(* Let $\alpha\in(0,1)$, $R_{th}>0$ and put $\varepsilon = 2^{2R_{th}/(1-\alpha)}-1$. For a link $j\in\{SR_m,\;R_mD\}$ let the IQI amplitude/phase parameters $\xi_{t_j},\xi_{r_j}>0$, $\phi_{t_j},\phi_{r_j}\in\mathbb{R}$ be given, set $\mu_{t_j}=\tfrac12(1+\xi_{t_j}e^{i\phi_{t_j}})$, $v_{t_j}=\tfrac12(1-\xi_{t_j}e^{-i\phi_{t_j}})$, $\mu_{r_j}=\tfrac12(1+\xi_{r_j}e^{-i\phi_{r_j}})$, $v_{r_j}=\tfrac12(1-\xi_{r_j}e^{i\phi_{r_j}})$, and $p_j=|\mu_{t_j}\mu_{r_j}+v_{t_j}^*v_{r_j}|^2$, $q_j=|\mu_{r_j}v_{t_j}+\mu_{t_j}^*v_{r_j}|^2$. Assume $p_j-\varepsilon q_j>0$ for both links. Let $X_{SR_m}=|\hat h_{SR_m}|^2$ and $X_{R_mD}=|\hat h_{R_mD}|^2$ be independent exponential random variables with rates $\lambda_{SR_m}>0$ and $\lambda_{R_mD}>0$ (i.e. $\Pr\{X_j>x\}=e^{-\lambda_j x}$ for $x\ge 0$), and let the channel-estimation-error variances satisfy $\sigma^2_{e_{SR_m}}=\sigma^2_{e_{R_mD}}=t>0$. Define the high-SNR capacities $$C^{\infty}_{j}=\frac{1-\alpha}{2}\log_2\!\Big(1+\frac{X_j p_j}{\sigma^2_{e_j}p_j+X_j q_j+\sigma^2_{e_j}q_j}\Big),\quad j\in\{SR_m,R_mD\}.$$ Then $$\Pr\{\min(C^\infty_{SR_m},C^\infty_{R_mD})<R_{th}\}=1-e^{-\lambda_{SR_m}H_1-\lambda_{R_mD}H_2},$$ where $H_1=\dfrac{\varepsilon\sigma^2_{e_{SR_m}}(p_{SR_m}+q_{SR_m})}{p_{SR_m}-\varepsilon q_{SR_m}}$ and $H_2=\dfrac{\varepsilon\sigma^2_{e_{R_mD}}(p_{R_mD}+q_{R_mD})}{p_{R_mD}-\varepsilon q_{R_mD}}$.
   Context: Dual-hop decode-and-forward relaying from a source $S$ via a randomly chosen relay $R_m$ to a destination $D$, in the presence of transmitter/receiver I/Q imbalance and channel estimation errors; $\hat h_j$ denotes the estimated channel of link $j$ under Rayleigh fading, $\sigma^2_{e_j}$ the estimation-error variance, $\alpha$ the energy-harvesting time-allocation factor. The quantity on the left is the asymptotic (high-SNR) outage probability of random relay selection; $z^*$ denotes complex conjugate and $i$ the imaginary unit. *)

theory Defs
  imports "HOL-Probability.Probability"
begin

definition mu_t :: "real \<Rightarrow> real \<Rightarrow> complex" where
  "mu_t xi phi = (1 + complex_of_real xi * exp (\<i> * complex_of_real phi)) / 2"
definition v_t :: "real \<Rightarrow> real \<Rightarrow> complex" where
  "v_t xi phi = (1 - complex_of_real xi * exp (- \<i> * complex_of_real phi)) / 2"
definition mu_r :: "real \<Rightarrow> real \<Rightarrow> complex" where
  "mu_r xi phi = (1 + complex_of_real xi * exp (- \<i> * complex_of_real phi)) / 2"
definition v_r :: "real \<Rightarrow> real \<Rightarrow> complex" where
  "v_r xi phi = (1 - complex_of_real xi * exp (\<i> * complex_of_real phi)) / 2"

definition iq_p :: "real \<Rightarrow> real \<Rightarrow> real \<Rightarrow> real \<Rightarrow> real" where
  "iq_p xt pt xr pr = (cmod (mu_t xt pt * mu_r xr pr + cnj (v_t xt pt) * v_r xr pr))\<^sup>2"
definition iq_q :: "real \<Rightarrow> real \<Rightarrow> real \<Rightarrow> real \<Rightarrow> real" where
  "iq_q xt pt xr pr = (cmod (mu_r xr pr * v_t xt pt + cnj (mu_t xt pt) * v_r xr pr))\<^sup>2"

definition cap_inf :: "real \<Rightarrow> real \<Rightarrow> real \<Rightarrow> real \<Rightarrow> real \<Rightarrow> real" where
  "cap_inf \<alpha> s p q x = (1 - \<alpha>) / 2 * log 2 (1 + x * p / (s * p + x * q + s * q))"

end

theory Submission
  imports Defs
begin

(* For X \<ge> 0 the capacity inequality C < Rth, after exponentiating, is a linear inequality in X,
   so the outage event is {X1 < H1} \<union> {X2 < H2}.  Its complement is an intersection of
   independent events, each of probability exp(- lam * H) by left-continuity of the survival
   function. *)

lemma iq_q_nonneg: "0 \<le> iq_q xt pt xr pr"
  unfolding iq_q_def by simp

lemma cap_inf_less_iff:
  fixes \<alpha> Rth t p q x \<epsilon> :: real
  assumes "\<alpha> < 1" "0 < t" "0 \<le> q" "0 \<le> x"
    and \<epsilon>: "\<epsilon> = 2 powr (2 * Rth / (1 - \<alpha>)) - 1"
    and pq: "p - \<epsilon> * q > 0"
  shows "cap_inf \<alpha> t p q x < Rth \<longleftrightarrow> x < \<epsilon> * t * (p + q) / (p - \<epsilon> * q)"
proof -
  define D where "D = t * p + x * q + t * q"
  (* \<epsilon> > -1 gives p + q > (1 + \<epsilon>) q \<ge> 0, so no sign condition on p or Rth is needed *)
  have "(1 + \<epsilon>) * q \<ge> 0"
    using \<epsilon> \<open>0 \<le> q\<close> by simp
  then have pq_pos: "p + q > 0"
    using pq by (simp add: algebra_simps)
  have "D = t * (p + q) + x * q"
    unfolding D_def by (simp add: algebra_simps)
  then have D_pos: "D > 0"
    using pq_pos assms by (simp add: add_pos_nonneg)
  have "1 + x * p / D = (x + t) * (p + q) / D"
    using D_pos unfolding D_def by (simp add: field_simps)
  then have arg_pos: "1 + x * p / D > 0"
    using D_pos pq_pos assms by simp
  have "cap_inf \<alpha> t p q x < Rth \<longleftrightarrow> log 2 (1 + x * p / D) < 2 * Rth / (1 - \<alpha>)"
    unfolding cap_inf_def D_def[symmetric] using assms by (simp add: field_simps)
  also have "\<dots> \<longleftrightarrow> 1 + x * p / D < 1 + \<epsilon>"
    using arg_pos \<epsilon> by (subst log_less_iff) auto
  also have "\<dots> \<longleftrightarrow> x * p < \<epsilon> * D"
    using D_pos by (simp add: pos_divide_less_eq)
  also have "\<dots> \<longleftrightarrow> x * (p - \<epsilon> * q) < \<epsilon> * t * (p + q)"
    unfolding D_def by (simp add: algebra_simps)
  also have "\<dots> \<longleftrightarrow> x < \<epsilon> * t * (p + q) / (p - \<epsilon> * q)"
    using pq by (simp add: pos_less_divide_eq)
  finally show ?thesis .
qed

lemma outage_threshold_pos:
  fixes \<epsilon> t p q :: real
  assumes "0 < \<epsilon>" "0 < t" "0 \<le> q" "p - \<epsilon> * q > 0"
  shows "0 < \<epsilon> * t * (p + q) / (p - \<epsilon> * q)"
proof -
  have "\<epsilon> * q \<ge> 0"
    using assms by simp
  then have "p + q > 0"
    using assms by linarith
  then show ?thesis
    using assms by simp
qed

context prob_space
begin

lemma tendsto_prob_greater_at_left:
  fixes X :: "'a \<Rightarrow> real"
  assumes X: "X \<in> borel_measurable M"
  shows "((\<lambda>x. prob {\<omega> \<in> space M. X \<omega> > x}) \<longlongrightarrow> prob {\<omega> \<in> space M. X \<omega> \<ge> a}) (at_left a)"
proof -
  interpret D: real_distribution "distr M borel X"
    using X by simp
  have gt: "prob {\<omega> \<in> space M. X \<omega> > x} = 1 - cdf (distr M borel X) x" for x
  proof -
    have "{\<omega> \<in> space M. X \<omega> > x} = space M - X -` {..x} \<inter> space M"
      by auto
    then show ?thesis
      using X by (simp add: cdf_def measure_distr prob_compl)
  qed
  have ge: "prob {\<omega> \<in> space M. X \<omega> \<ge> a} = 1 - measure (distr M borel X) {..<a}"
  proof -
    have "{\<omega> \<in> space M. X \<omega> \<ge> a} = space M - X -` {..<a} \<inter> space M"
      by auto
    then show ?thesis
      using X by (simp add: measure_distr prob_compl)
  qed
  show ?thesis
    unfolding gt ge by (intro tendsto_diff tendsto_const D.cdf_at_left)
qed

lemma prob_ge_exponential:
  fixes X :: "'a \<Rightarrow> real"
  assumes X: "X \<in> borel_measurable M" and "0 < a"
    and surv: "\<And>x. x \<ge> 0 \<Longrightarrow> prob {\<omega> \<in> space M. X \<omega> > x} = exp (- lam * x)"
  shows "prob {\<omega> \<in> space M. X \<omega> \<ge> a} = exp (- lam * a)"
proof (rule tendsto_unique[OF trivial_limit_at_left_real])
  show "((\<lambda>x. prob {\<omega> \<in> space M. X \<omega> > x}) \<longlongrightarrow> prob {\<omega> \<in> space M. X \<omega> \<ge> a}) (at_left a)"
    using X by (rule tendsto_prob_greater_at_left)
  have "((\<lambda>x. exp (- lam * x)) \<longlongrightarrow> exp (- lam * a)) (at_left a)"
    by (intro tendsto_intros)
  moreover have "eventually (\<lambda>x. exp (- lam * x) = prob {\<omega> \<in> space M. X \<omega> > x}) (at_left a)"
    using eventually_at_left_real[OF \<open>0 < a\<close>] by eventually_elim (simp add: surv)
  ultimately show "((\<lambda>x. prob {\<omega> \<in> space M. X \<omega> > x}) \<longlongrightarrow> exp (- lam * a)) (at_left a)"
    by (rule Lim_transform_eventually)
qed

lemma AE_nonneg_exponential:
  fixes X :: "'a \<Rightarrow> real"
  assumes surv: "\<And>x. x \<ge> 0 \<Longrightarrow> prob {\<omega> \<in> space M. X \<omega> > x} = exp (- lam * x)"
  shows "AE \<omega> in M. X \<omega> \<ge> 0"
proof -
  have "prob {\<omega> \<in> space M. X \<omega> > 0} = 1"
    using surv[of 0] by simp
  then have "AE \<omega> in M. \<omega> \<in> {\<omega> \<in> space M. X \<omega> > 0}"
    by (rule AE_prob_1)
  then show ?thesis
    by eventually_elim auto
qed

lemma prob_less_disj_indep_var:
  fixes X1 X2 :: "'a \<Rightarrow> real"
  assumes "indep_var borel X1 borel X2"
    and [measurable]: "X1 \<in> borel_measurable M" "X2 \<in> borel_measurable M"
  shows "prob {\<omega> \<in> space M. X1 \<omega> < a \<or> X2 \<omega> < b}
           = 1 - prob {\<omega> \<in> space M. X1 \<omega> \<ge> a} * prob {\<omega> \<in> space M. X2 \<omega> \<ge> b}"
proof -
  have "{\<omega> \<in> space M. X1 \<omega> < a \<or> X2 \<omega> < b}
          = space M - (\<lambda>\<omega>. (X1 \<omega>, X2 \<omega>)) -` ({a..} \<times> {b..}) \<inter> space M"
    by auto
  also have "prob \<dots> = 1 - prob ((\<lambda>\<omega>. (X1 \<omega>, X2 \<omega>)) -` ({a..} \<times> {b..}) \<inter> space M)"
    by (intro prob_compl) measurable
  also have "prob ((\<lambda>\<omega>. (X1 \<omega>, X2 \<omega>)) -` ({a..} \<times> {b..}) \<inter> space M)
               = prob (X1 -` {a..} \<inter> space M) * prob (X2 -` {b..} \<inter> space M)"
    using assms(1) by (intro indep_varD) auto
  also have "X1 -` {a..} \<inter> space M = {\<omega> \<in> space M. X1 \<omega> \<ge> a}"
    by auto
  also have "X2 -` {b..} \<inter> space M = {\<omega> \<in> space M. X2 \<omega> \<ge> b}"
    by auto
  finally show ?thesis .
qed

end

theorem corollary1:
  fixes M :: "'w measure" and X1 X2 :: "'w \<Rightarrow> real"
    and \<alpha> Rth t lam1 lam2 :: real
    and xt1 pt1 xr1 pr1 xt2 pt2 xr2 pr2 :: real
  defines "\<epsilon> \<equiv> 2 powr (2 * Rth / (1 - \<alpha>)) - 1"
  defines "p1 \<equiv> iq_p xt1 pt1 xr1 pr1" and "q1 \<equiv> iq_q xt1 pt1 xr1 pr1"
  defines "p2 \<equiv> iq_p xt2 pt2 xr2 pr2" and "q2 \<equiv> iq_q xt2 pt2 xr2 pr2"
  assumes "prob_space M"
    and "0 < \<alpha>" "\<alpha> < 1" "0 < Rth"
    and "0 < xt1" "0 < xr1" "0 < xt2" "0 < xr2"
    and "p1 - \<epsilon> * q1 > 0" "p2 - \<epsilon> * q2 > 0"
    and "0 < lam1" "0 < lam2" "0 < t"
    and "X1 \<in> borel_measurable M" "X2 \<in> borel_measurable M"
    and "prob_space.indep_var M borel X1 borel X2"
    and "\<And>x. x \<ge> 0 \<Longrightarrow> measure M {\<omega> \<in> space M. X1 \<omega> > x} = exp (- lam1 * x)"
    and "\<And>x. x \<ge> 0 \<Longrightarrow> measure M {\<omega> \<in> space M. X2 \<omega> > x} = exp (- lam2 * x)"
  shows "measure M {\<omega> \<in> space M.
           min (cap_inf \<alpha> t p1 q1 (X1 \<omega>)) (cap_inf \<alpha> t p2 q2 (X2 \<omega>)) < Rth}
         = 1 - exp (- lam1 * (\<epsilon> * t * (p1 + q1) / (p1 - \<epsilon> * q1))
                    - lam2 * (\<epsilon> * t * (p2 + q2) / (p2 - \<epsilon> * q2)))"
proof -
  interpret prob_space M by fact
  note [measurable] = \<open>X1 \<in> borel_measurable M\<close> \<open>X2 \<in> borel_measurable M\<close>
  define H1 where "H1 = \<epsilon> * t * (p1 + q1) / (p1 - \<epsilon> * q1)"
  define H2 where "H2 = \<epsilon> * t * (p2 + q2) / (p2 - \<epsilon> * q2)"
  have "\<epsilon> > 0"
    unfolding \<epsilon>_def using assms by (simp add: gr_one_powr)
  have "q1 \<ge> 0" "q2 \<ge> 0"
    unfolding q1_def q2_def by (rule iq_q_nonneg)+
  then have "H1 > 0" "H2 > 0"
    unfolding H1_def H2_def using assms \<open>\<epsilon> > 0\<close> by (simp_all add: outage_threshold_pos)
  have "AE \<omega> in M. X1 \<omega> \<ge> 0" "AE \<omega> in M. X2 \<omega> \<ge> 0"
    using assms by (auto intro!: AE_nonneg_exponential)
  then have "AE \<omega> in M. min (cap_inf \<alpha> t p1 q1 (X1 \<omega>)) (cap_inf \<alpha> t p2 q2 (X2 \<omega>)) < Rth
                         \<longleftrightarrow> X1 \<omega> < H1 \<or> X2 \<omega> < H2"
  proof eventually_elim
    case (elim \<omega>)
    then show ?case
      unfolding min_less_iff_disj H1_def H2_def using assms \<open>q1 \<ge> 0\<close> \<open>q2 \<ge> 0\<close>
      by (simp add: cap_inf_less_iff)
  qed
  then have "measure M {\<omega> \<in> space M.
               min (cap_inf \<alpha> t p1 q1 (X1 \<omega>)) (cap_inf \<alpha> t p2 q2 (X2 \<omega>)) < Rth}
             = prob {\<omega> \<in> space M. X1 \<omega> < H1 \<or> X2 \<omega> < H2}"
    by (intro measure_eq_AE) (simp_all add: cap_inf_def)
  also have "\<dots> = 1 - exp (- lam1 * H1) * exp (- lam2 * H2)"
    using assms \<open>H1 > 0\<close> \<open>H2 > 0\<close>
    by (simp add: prob_less_disj_indep_var prob_ge_exponential[of X1 H1 lam1]
                  prob_ge_exponential[of X2 H2 lam2])
  finally show ?thesis
    unfolding H1_def H2_def by (simp add: exp_add[symmetric])
qed

end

***

Look back at the entries above and repeat, unchanged, every line from the line holding "using X by (rule" through the line holding "by (intro tendsto_intros)".

    using X by (rule tendsto_prob_greater_at_left)
  have "((\<lambda>x. exp (- lam * x)) \<longlongrightarrow> exp (- lam * a)) (at_left a)"
    by (intro tendsto_intros)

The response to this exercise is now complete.